Last updated on March 2015

Study on Exploring the Effect of DPP-4 Inhibitors on -cell Function by Using the Two-step Hyperglycemic Clamp


Brief description of study

The objective of this study is to explore the effects of two DPP-4 inhibitors(Sitagliptin, Saxagliptin) on β- and α-cell function, as well as the incretin effect.
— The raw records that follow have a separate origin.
theorem lemma3p4:
  fixes q :: "'r::comm_ring_1"
    and J L :: "'s::{finite,linorder} set"
  assumes "card J \<ge> 2"
    and "L \<noteq> {}"
    and "L - {enum L 1} = J - {enum J 1, enum J 2}"
    and "enum J 1 < enum L 1" and "enum L 1 < enum J 2"
  shows "tau_minus q J
      - (gen (enum J 2) \<star> gen (enum L 1) + gen (enum L 1) \<star> gen (enum J 2) - ascal (2 * q))
          \<star> tau_minus q (L - {enum L 1})
      - tau_minus q {enum J 1, enum J 2} \<star> tau_minus q L
      + (\<Sum>i=3..card J. asmult ((-1) ^ (i + 1)) (tau_minus q ((J \<union> L) - {enum J i})))
    = (0 :: ('s, 'r) freealg)"
proof -
  define a b c K where "a = enum J 1" and "b = enum L 1" and "c = enum J 2" and "K = J - {a, c}"
  have K: "finite K" and ab: "a < b" and bc: "b < c"
    using assms(4,5) by (simp_all add: a_def b_def c_def)
  have J: "J = insert a (insert c K)" and c: "\<forall>y\<in>K. c < y"
    using enum_first_two[OF _ assms(1)] by (simp_all add: a_def c_def K_def)
  have LK: "L - {b} = K" using assms(3) by (simp add: a_def b_def c_def K_def)
  then have L: "L = insert b K" using enum_1_least(1)[OF _ assms(2)] by (auto simp: b_def)
  then have JL: "J \<union> L = insert b J" using J by auto
  show ?thesis
    unfolding amult_eq_times a_def[symmetric] b_def[symmetric] c_def[symmetric] LK JL
    using tau_minus_four_term_relation[OF K ab bc c, of q]
      sum_from_3_eq_alt_deletion_sum[OF K ab bc c, of "tau_minus q"]
    by (simp only: J L)
qed

end
lemma bounded_doubling_on_sum_length:
  fixes L1 :: "'a \<Rightarrow> real" and L2 :: "'b \<Rightarrow> real"
  assumes nonneg1: "\<And>x. x \<in> A \<Longrightarrow> L1 x \<ge> 0" and nonneg2: "\<And>y. y \<in> B \<Longrightarrow> L2 y \<ge> 0"
    and proper1: "proper_length_on A L1" and proper2: "proper_length_on B L2"
    and doubling1: "\<And>T. T \<ge> 1/2 \<Longrightarrow>
      real (card (len_ball A L1 (2 * T))) \<le> C1 * real (card (len_ball A L1 T))"
    and doubling2: "\<And>T. T \<ge> 1/2 \<Longrightarrow>
      real (card (len_ball B L2 (2 * T))) \<le> C2 * real (card (len_ball B L2 T))"
    and "C1 \<ge> 0" and "C2 \<ge> 0"
  shows "bounded_doubling_on (A \<times> B) (sum_length L1 L2) ((C1 * C2) ^ 2)"
proof -
  let ?B = "len_ball (A \<times> B) (sum_length L1 L2)"
  let ?b1 = "\<lambda>T. real (card (len_ball A L1 T))" and ?b2 = "\<lambda>T. real (card (len_ball B L2 T))"
  have fin1: "finite (len_ball A L1 T)" and fin2: "finite (len_ball B L2 T)" for T
    using proper1 proper2 unfolding proper_length_on_def by blast+
  have fin: "finite (?B R)" for R
    by (rule finite_subset[OF len_ball_sum_length_subset]) (simp_all add: nonneg1 nonneg2 fin1 fin2)
  have "real (card (?B (2 * R))) \<le> (C1 * C2) ^ 2 * real (card (?B R))" if "R \<ge> 1" for R
  proof -
    have "card (?B (2 * R)) \<le> card (len_ball A L1 (2 * R) \<times> len_ball B L2 (2 * R))"
      by (intro card_mono len_ball_sum_length_subset nonneg1 nonneg2) (simp_all add: fin1 fin2)
    then have "real (card (?B (2 * R))) \<le> ?b1 (2 * R) * ?b2 (2 * R)"
      by (simp add: card_cartesian_product flip: of_nat_mult)
    also have "\<dots> \<le> (C1 ^ 2 * ?b1 (R / 2)) * (C2 ^ 2 * ?b2 (R / 2))"
      using card_len_ball_quadrupling[OF doubling1 \<open>C1 \<ge> 0\<close> that]
        card_len_ball_quadrupling[OF doubling2 \<open>C2 \<ge> 0\<close> that]
      by (intro mult_mono) simp_all
    also have "\<dots> = (C1 * C2) ^ 2 * (?b1 (R / 2) * ?b2 (R / 2))"
      by (simp add: power_mult_distrib)
    also have "?b1 (R / 2) * ?b2 (R / 2) \<le> real (card (?B R))"
      using card_mono[OF fin len_ball_half_Times_subset]
      by (simp add: card_cartesian_product flip: of_nat_mult)
    finally show ?thesis by (simp add: mult_left_mono)
  qed
  then show ?thesis
    using fin unfolding bounded_doubling_on_def proper_length_on_def by blast
qed
(* Consider the problem $\mathbf{x}^\star(t)=\arg\min_{\mathbf{x}\in\mathbb{R}^n} f_0(\mathbf{x},t)$ s.t. $f_i(\mathbf{x},t)\le0$, $i=1,\dots,p$, for $t\in[0,\infty)$, under Assumptions 1, 2, 3 below. Let $\mathbf{x}_0\in\mathbb{R}^n$ be arbitrary, let $s_0$ be given by $$s_0=\begin{cases}0 & \text{if } \max_i f_i(\mathbf{x}_0,0)\le 0,\\ \max_i f_i(\mathbf{x}_0,0)+\varepsilon & \text{if } \max_i f_i(\mathbf{x}_0,0)>0,\end{cases}$$ for some $\varepsilon>0$, and let $s(t)=s_0e^{-\alpha t}$ for some $\alpha>0$. Let $c:[0,\infty)\to(0,\infty)$ be continuously differentiable with $c(t)\to\infty$ as $t\to\infty$. Let $\mathbf{P}\in\mathbb{S}^n_{++}$ with $\mathbf{P}\succeq\sigma\mathbf{I}_n$, $\sigma>0$, and let $\tilde{\mathbf{z}}(t)$ solve $$\dot{\tilde{\mathbf{z}}}(t)=-\nabla_{\mathbf{x}\mathbf{x}}\tilde\Phi(\tilde{\mathbf{z}}(t),t)^{-1}\big(\mathbf{P}\nabla_{\mathbf{x}}\tilde\Phi(\tilde{\mathbf{z}}(t),t)+\nabla_{\mathbf{x}t}\tilde\Phi(\tilde{\mathbf{z}}(t),t)\big),\qquad\tilde{\mathbf{z}}(0)=\mathbf{x}_0,$$ where $\tilde\Phi(\mathbf{x},t)=f_0(\mathbf{x},t)-\frac{1}{c(t)}\sum_{i=1}^p\log(s(t)-f_i(\mathbf{x},t))$ on $\tilde{\mathcal{D}}(t)=\{\mathbf{x}: f_i(\mathbf{x},t)<s(t),\ i=1,\dots,p\}$. Then $\tilde{\mathbf{z}}(t)-\mathbf{x}^\star(t)\to 0$ as $t\to\infty$.
   Context: Assumption 1: $f_0(\mathbf{x},t)$ and $f_i(\mathbf{x},t)$, $i=1,\dots,p$, are twice continuously differentiable in $\mathbf{x}$ and continuously differentiable in $t$ for $t\ge0$; $\nabla_{\mathbf{x}\mathbf{x}} f_0(\mathbf{x},t)\succeq m\mathbf{I}$ for some $m>0$; each $f_i(\cdot,t)$ is convex for all $t\ge0$. Assumption 2 (Slater): there exists $\mathbf{x}^\dagger\in\mathbb{R}^n$ with $f_i(\mathbf{x}^\dagger,t)<0$ for all $i$ and all $t\ge0$. Optimal dual variables $\lambda^\star(t)=(\lambda_1^\star(t),\dots,\lambda_p^\star(t))$ satisfy with $\mathbf{x}^\star(t)$ the KKT conditions: $\nabla_{\mathbf{x}} f_0(\mathbf{x}^\star(t),t)+\sum_i\lambda_i^\star(t)\nabla_{\mathbf{x}} f_i(\mathbf{x}^\star(t),t)=0$, $\lambda_i^\star(t)f_i(\mathbf{x}^\star(t),t)=0$, $\lambda_i^\star(t)\ge0$, $f_i(\mathbf{x}^\star(t),t)\le0$. Assumption 3: for every $\alpha>0$, $\lambda_i^\star(t)e^{-\alpha t}\to0$ as $t\to\infty$ for all $i$. The solution $\tilde{\mathbf{z}}(t)$ is assumed to exist and remain in $\tilde{\mathcal{D}}(t)$ for all $t\ge0$. *)

theory Defs
  imports "HOL-Analysis.Analysis"
begin

definition grad_x :: "(real^'n \<Rightarrow> real) \<Rightarrow> real^'n \<Rightarrow> real^'n" where
  "grad_x F x = (\<chi> j. frechet_derivative F (at x) (axis j 1))"

definition hess_x :: "(real^'n \<Rightarrow> real) \<Rightarrow> real^'n \<Rightarrow> real^'n^'n" where
  "hess_x F x = (\<chi> i j. frechet_derivative (\<lambda>y. grad_x F y $ i) (at x) (axis j 1))"

definition tderiv :: "(real \<Rightarrow> real) \<Rightarrow> real \<Rightarrow> real" where
  "tderiv g t = (THE d. (g has_real_derivative d) (at t within {0..}))"

definition grad_xt :: "(real^'n \<Rightarrow> real \<Rightarrow> real) \<Rightarrow> real^'n \<Rightarrow> real \<Rightarrow> real^'n" where
  "grad_xt F x t = (\<chi> i. tderiv (\<lambda>s. grad_x (\<lambda>y. F y s) x $ i) t)"

definition C2_x :: "(real^'n \<Rightarrow> real) \<Rightarrow> bool" where
  "C2_x F \<longleftrightarrow> (\<forall>x. F differentiable (at x)) \<and>
     (\<forall>i x. (\<lambda>y. grad_x F y $ i) differentiable (at x)) \<and>
     continuous_on UNIV (hess_x F)"

definition C1_t :: "(real \<Rightarrow> real) \<Rightarrow> bool" where
  "C1_t g \<longleftrightarrow> (\<exists>D. (\<forall>t\<ge>0. (g has_real_derivative D t) (at t within {0..})) \<and>
                    continuous_on {0..} D)"

text \<open>Joint regularity in (x,t) implicit in Assumption 1 (needed for the mixed
  derivative in the ODE to make sense): jointly continuous function, gradient jointly
  differentiable, and Hessian, time derivative and mixed derivative jointly continuous.\<close>
definition joint_regular :: "(real^'n \<Rightarrow> real \<Rightarrow> real) \<Rightarrow> bool" where
  "joint_regular F \<longleftrightarrow>
     continuous_on (UNIV \<times> {0..}) (\<lambda>(x,t). F x t) \<and>
     (\<forall>j x t. t \<ge> 0 \<longrightarrow> (\<lambda>(y,s). grad_x (\<lambda>z. F z s) y $ j)
          differentiable (at (x,t) within UNIV \<times> {0..})) \<and>
     continuous_on (UNIV \<times> {0..}) (\<lambda>(x,t). hess_x (\<lambda>y. F y t) x) \<and>
     continuous_on (UNIV \<times> {0..}) (\<lambda>(x,t). tderiv (\<lambda>s. F x s) t) \<and>
     continuous_on (UNIV \<times> {0..}) (\<lambda>(x,t). grad_xt F x t)"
Detailed Study Description

The study is an open-label, randomized, three-way crossover and single-dose study.Subjects with newly onset T2DM are enrolled. They are assigned to take a single dose of sitagliptin (100 mg), saxagliptin (5 mg), or blank control in a randomized order separated by a washout period of 7-14 days.Then the two-step hyperglycemic clamp is initiated. On each experimental day, the subject will take the given dose of Sitagliptin, Saxagliptin and nothing for blank control two hours before the clamp experiment starts. The hyperglycaemic clamp will be performed after an overnight fast. Subjects will be placed in a recumbent position and cannula will be inserted in a dorsal hand vein. The hand will be placed in a heating box (50℃) throughout the experiment to allow frequent sampling of arterialized blood. A second cannula will be inserted in a contralateral cubital vein for glucose infusion. At time zero (0 min), a 50% glucose bolus will be injected during 1 min to increase PG to 15mM. The glucose bolus will be calculated as:(15mM-FPG)×35 mg glucose × body weight (kg). PG will be measured bedside every 5 min and maintained at 15mM by an adjustable continuous 20% glucose infusion. After 90min, PG will be lowered down to 7mM for the islet cells to rest, then the subject will be instructed to consume 75g glucose solution orally in 5min. 40min after the oral glucose consumption, the 90min-hyperglycaemic clamp experiment wil be restarted. The oral period of hyperglycaemic clamp process is the same as what's done in fasting period. Blood samples will be collected in -2h, 0min, 10min, 90min in both hyperglycaemic clamp experimental process for the measurement of insulin, c-peptide, glucagon, active GLP-1 and other incretin hormones. Thus we could evaluate the beta cell function represented by the first phase and the second phase of insulin secretion(C-peptide secretion) and alpha cell function represented by the change of glucagon concentration during the fasting period and oral period of hyperglycaemic clamp experiment and the change of active GLP-1.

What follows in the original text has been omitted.